18th and 19th-century American Army commander

 Henry Ludington (May 25, 1738 – January 24, 1817) was an American soldier in the American Revolutionary War. He aided the effort by providing spies and was associated with John Jay in a ring of spies.

== Early life ==
Ludington's father, William Ludington, was born in Branford, Connecticut, on September 6, 1702. He married Mary Knowles in 1730. Ludington was born in Branford on May 25, 1738 as the third of eigt children. His older sisters were Submit and Mary, and Lydia, Samuel, Rebecca, Anne, and Stephen were younger than him. He went to school in Branford and received an education typical for colonial towns of the 18th century.

== Military ==
Ludington enlisted in the Connecticut Provincial Forces in September 1755, at the age of seventeen. He was with Captain Foote's company of the Second Connecticut Regiment. He re-enlisted on April 19, 1756, served under Colonel Andrew Ward at Crown Point, and was discharged on November 13, 1756. He was called back again for fifteen days of service for the relief of Fort William Henry in August 1757. He re-enlisted on April 14, 1759, for the campaign of the Second Connecticut Regiment under Colonel Nathan Whiting and was a member of David Baldwin's Third Company.
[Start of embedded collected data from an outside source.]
(* Let $f:\mathbb{R}^d\times\mathcal{P}\to\mathbb{R}^d$, differentiable in its first argument, and for each $N\ge1$ let $\theta_0^N,\dots,\theta_{N-1}^N\in\mathcal{P}$. Assume there exist constants $C_f,L_f$ such that for all $N$ and $n$, $\sup_{x\in\mathbb{R}^d}\|f(x,\theta_n^N)\|\le C_f$ and $\sup_{x\in\mathbb{R}^d}\|\partial_x f(x,\theta_n^N)\|\le L_f$. Given $x_0\in\mathbb{R}^d$, define the forward iterates $x_{n+1}=x_n+\frac1N f(x_n,\theta_n^N)$ for $n=0,\dots,N-1$, and the reconstructed iterates $\tilde x_N=x_N$, $\tilde x_n=\tilde x_{n+1}-\frac1N f(\tilde x_{n+1},\theta_n^N)$ for $n=N-1,\dots,0$. Then, for all $n$, $$\|x_n-\tilde x_n\|\le\frac{(e^{L_f}-1)C_f}{N}+O\Big(\frac1{N^2}\Big).$$
   Context: $\mathcal{P}$ is a parameter set; $\partial_x f(x,\theta)$ is the Jacobian of $f(\cdot,\theta)$ at $x$. *)

theory Defs
  imports "HOL-Analysis.Analysis"
begin

primrec fwd_iter :: "('v::real_vector \<Rightarrow> 'p \<Rightarrow> 'v) \<Rightarrow> (nat \<Rightarrow> 'p) \<Rightarrow> nat \<Rightarrow> 'v \<Rightarrow> nat \<Rightarrow> 'v" where
  "fwd_iter f th N x0 0 = x0"
| "fwd_iter f th N x0 (Suc n) =
     fwd_iter f th N x0 n + (1 / real N) *\<^sub>R f (fwd_iter f th N x0 n) (th n)"

text \<open>Backward reconstruction after k steps from x_N: value of tilde x_(N-k).\<close>
primrec bwd_aux :: "('v::real_vector \<Rightarrow> 'p \<Rightarrow> 'v) \<Rightarrow> (nat \<Rightarrow> 'p) \<Rightarrow> nat \<Rightarrow> 'v \<Rightarrow> nat \<Rightarrow> 'v" where
  "bwd_aux f th N x0 0 = fwd_iter f th N x0 N"
| "bwd_aux f th N x0 (Suc k) =
     bwd_aux f th N x0 k - (1 / real N) *\<^sub>R f (bwd_aux f th N x0 k) (th (N - Suc k))"

definition rec_iter :: "('v::real_vector \<Rightarrow> 'p \<Rightarrow> 'v) \<Rightarrow> (nat \<Rightarrow> 'p) \<Rightarrow> nat \<Rightarrow> 'v \<Rightarrow> nat \<Rightarrow> 'v" where
  "rec_iter f th N x0 n = bwd_aux f th N x0 (N - n)"

end

theory Submission
  imports Defs
begin

text \<open>The derivative bound makes every \<open>f(\<cdot>, \<theta>\<^sub>n)\<close> \<open>L\<close>-Lipschitz. Undoing the forward step
  \<open>x\<^sub>n\<^sub>+\<^sub>1 = x\<^sub>n + h f(x\<^sub>n)\<close> by \<open>x\<^sub>n \<approx> x\<^sub>n\<^sub>+\<^sub>1 - h f(x\<^sub>n\<^sub>+\<^sub>1)\<close> evaluates \<open>f\<close> at the wrong point, which
  is off by at most the current error plus the displacement \<open>hC\<close> of one forward step. Hence the
  errors obey \<open>e\<^sub>k\<^sub>+\<^sub>1 \<le> (1 + hL) e\<^sub>k + h\<^sup>2LC\<close> with \<open>e\<^sub>0 = 0\<close>, so
  \<open>e\<^sub>k \<le> hC((1 + hL)\<^sup>k - 1) \<le> hC(e\<^sup>L - 1)\<close> for \<open>k \<le> N = 1/h\<close>: no \<open>O(1/N\<^sup>2)\<close> remainder is needed.\<close>

lemma reversed_step_error:
  fixes g :: "'a::real_normed_vector \<Rightarrow> 'a"
  assumes lip: "L-lipschitz_on UNIV g"
    and bound: "norm (g a) \<le> C"
    and "0 \<le> h"
  shows "norm (a - (b - h *\<^sub>R g b))
           \<le> (1 + h * L) * norm (a + h *\<^sub>R g a - b) + h * L * (h * C)"
proof -
  let ?e = "norm (a + h *\<^sub>R g a - b)"
  have L: "0 \<le> L" using lip by (rule lipschitz_on_nonneg)
  have "norm (a - b) \<le> ?e + h * norm (g a)"
    using norm_triangle_ineq4[of "a + h *\<^sub>R g a - b" "h *\<^sub>R g a"] \<open>0 \<le> h\<close>
    by (simp add: algebra_simps)
  also have "\<dots> \<le> ?e + h * C"
    using bound \<open>0 \<le> h\<close> by (simp add: mult_left_mono)
  finally have ab: "norm (a - b) \<le> ?e + h * C" .
  have eq: "a - (b - h *\<^sub>R g b) = (a + h *\<^sub>R g a - b) - h *\<^sub>R (g a - g b)"
    by (simp add: algebra_simps)
  have "norm (a - (b - h *\<^sub>R g b)) \<le> ?e + h * norm (g a - g b)"
    unfolding eq using norm_triangle_ineq4[of "a + h *\<^sub>R g a - b" "h *\<^sub>R (g a - g b)"] \<open>0 \<le> h\<close>
    by simp
  also have "\<dots> \<le> ?e + h * (L * norm (a - b))"
    using lipschitz_on_normD[OF lip] \<open>0 \<le> h\<close> by (simp add: mult_left_mono)
  also have "\<dots> \<le> ?e + h * (L * (?e + h * C))"
    using ab L \<open>0 \<le> h\<close> by (simp add: mult_left_mono)
  also have "\<dots> = (1 + h * L) * ?e + h * L * (h * C)"
    by (simp add: algebra_simps)
  finally show ?thesis .
qed

lemma fwd_bwd_error_le:
  fixes f :: "'v::real_normed_vector \<Rightarrow> 'p \<Rightarrow> 'v"
  assumes lip: "\<And>m. m < N \<Longrightarrow> L-lipschitz_on UNIV (\<lambda>x. f x (th m))"
    and bound: "\<And>m x. m < N \<Longrightarrow> norm (f x (th m)) \<le> C"
    and "k \<le> N"
  shows "norm (fwd_iter f th N x0 (N - k) - bwd_aux f th N x0 k)
           \<le> C / N * ((1 + L / N) ^ k - 1)"
  using \<open>k \<le> N\<close>
proof (induction k)
  case 0
  then show ?case by simp
next
  case (Suc k)
  define m where "m = N - Suc k"
  have m: "m < N" "Suc m = N - k"
    using Suc.prems by (auto simp: m_def)
  have L: "0 \<le> L"
    using lip[OF m(1)] by (rule lipschitz_on_nonneg)
  let ?F = "fwd_iter f th N x0" and ?B = "bwd_aux f th N x0" and ?h = "1 / real N"
  have IH: "norm (?F (Suc m) - ?B k) \<le> C / N * ((1 + L / N) ^ k - 1)"
    using Suc m(2) by simp
  have "norm (?F m - ?B (Suc k))
          = norm (?F m - (?B k - ?h *\<^sub>R f (?B k) (th m)))"
    by (simp add: m_def)
  also have "\<dots> \<le> (1 + ?h * L) * norm (?F (Suc m) - ?B k) + ?h * L * (?h * C)"
    using reversed_step_error[OF lip[OF m(1)] bound[OF m(1)], of ?h] by simp
  also have "\<dots> \<le> (1 + ?h * L) * (C / N * ((1 + L / N) ^ k - 1)) + ?h * L * (?h * C)"
    using IH L by (intro add_right_mono mult_left_mono) auto
  also have "\<dots> = C / N * ((1 + L / N) ^ Suc k - 1)"
    using m(1) by (simp add: field_simps)
  finally show ?case
    by (simp add: m_def)
qed

lemma one_plus_div_power_le_exp:
  fixes L :: real and k N :: nat
  assumes "0 \<le> L" "k \<le> N"
  shows "(1 + L / N) ^ k \<le> exp L"
proof (cases "N = 0")
  case False
  have "(1 + L / N) ^ k \<le> (1 + L / N) ^ N"
    using assms by (intro power_increasing) auto
  also have "\<dots> \<le> exp L"
    using assms False by (intro exp_ge_one_plus_x_over_n_power_n) auto
  finally show ?thesis .
qed (use assms in auto)

lemma rec_iter_error_le:
  fixes f :: "'v::real_normed_vector \<Rightarrow> 'p \<Rightarrow> 'v"
  assumes lip: "\<And>m. m < N \<Longrightarrow> L-lipschitz_on UNIV (\<lambda>x. f x (th m))"
    and bound: "\<And>m x. m < N \<Longrightarrow> norm (f x (th m)) \<le> C"
    and "1 \<le> N" "n \<le> N"
  shows "norm (fwd_iter f th N x0 n - rec_iter f th N x0 n) \<le> (exp L - 1) * C / N"
proof -
  have L: "0 \<le> L"
    using lip[of 0] \<open>1 \<le> N\<close> lipschitz_on_nonneg by force
  have "norm (f x0 (th 0)) \<le> C"
    using bound \<open>1 \<le> N\<close> by simp
  then have C: "0 \<le> C"
    by (rule order_trans[OF norm_ge_zero])
  have "norm (fwd_iter f th N x0 n - rec_iter f th N x0 n)
          \<le> C / N * ((1 + L / N) ^ (N - n) - 1)"
    using fwd_bwd_error_le[of N L f th C "N - n" x0] lip bound \<open>n \<le> N\<close>
    by (simp add: rec_iter_def)
  also have "\<dots> \<le> C / N * (exp L - 1)"
    using one_plus_div_power_le_exp[OF L, of "N - n" N] C
    by (intro mult_left_mono) auto
  finally show ?thesis
    by (simp add: mult.commute)
qed

theorem proposition3:
  fixes f :: "real ^ 'd \<Rightarrow> 'p \<Rightarrow> real ^ 'd"
    and f' :: "'p \<Rightarrow> real ^ 'd \<Rightarrow> (real ^ 'd \<Rightarrow> real ^ 'd)"
    and \<theta> :: "nat \<Rightarrow> nat \<Rightarrow> 'p"
    and Cf Lf :: real
    and x0 :: "real ^ 'd"
  assumes deriv: "\<And>p x. ((\<lambda>y. f y p) has_derivative f' p x) (at x)"
    and bound_f: "\<And>N n x. N \<ge> 1 \<Longrightarrow> n < N \<Longrightarrow> norm (f x (\<theta> N n)) \<le> Cf"
    and bound_Df: "\<And>N n x. N \<ge> 1 \<Longrightarrow> n < N \<Longrightarrow> onorm (f' (\<theta> N n) x) \<le> Lf"
  shows "\<exists>K. \<forall>N\<ge>1. \<forall>n\<le>N.
           norm (fwd_iter f (\<theta> N) N x0 n - rec_iter f (\<theta> N) N x0 n)
             \<le> (exp Lf - 1) * Cf / real N + K / (real N)^2"
proof (intro exI[of _ 0] allI impI)
  fix N n :: nat
  assume N: "N \<ge> 1" and "n \<le> N"
  have "0 \<le> Lf"
    using onorm_pos_le[OF has_derivative_bounded_linear[OF deriv]] bound_Df[of 1 0]
    by (meson order_trans zero_less_one order_refl)
  then have "Lf-lipschitz_on UNIV (\<lambda>x. f x (\<theta> N m))" if "m < N" for m
    using deriv bound_Df[OF N that]
    by (intro bounded_derivative_imp_lipschitz) auto
  then show "norm (fwd_iter f (\<theta> N) N x0 n - rec_iter f (\<theta> N) N x0 n)
               \<le> (exp Lf - 1) * Cf / real N + 0 / (real N)^2"
    using rec_iter_error_le[of N Lf f "\<theta> N" Cf n x0] bound_f[OF N] N \<open>n \<le> N\<close> by simp
qed

end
He served in the French and Indian War from 1755 to 1760 and was in the Battle of Lake George where he witnessed the death of his uncle and cousin. He marched to Canada and participated in the Battle of Quebec on September 13, 1759. He then proceeded from Boston to Branford, Connecticut, in the spring of 1760 and retired from the military.

Ludington returned to civilian life and married his cousin Abigail on May 1, 1760. She was born on May 8, 1745, and was turning fifteen years old. They had twelve children, all born in Kent, New York, (then known as Philipse Upper Patent) and raised the family on a 229 acre farm.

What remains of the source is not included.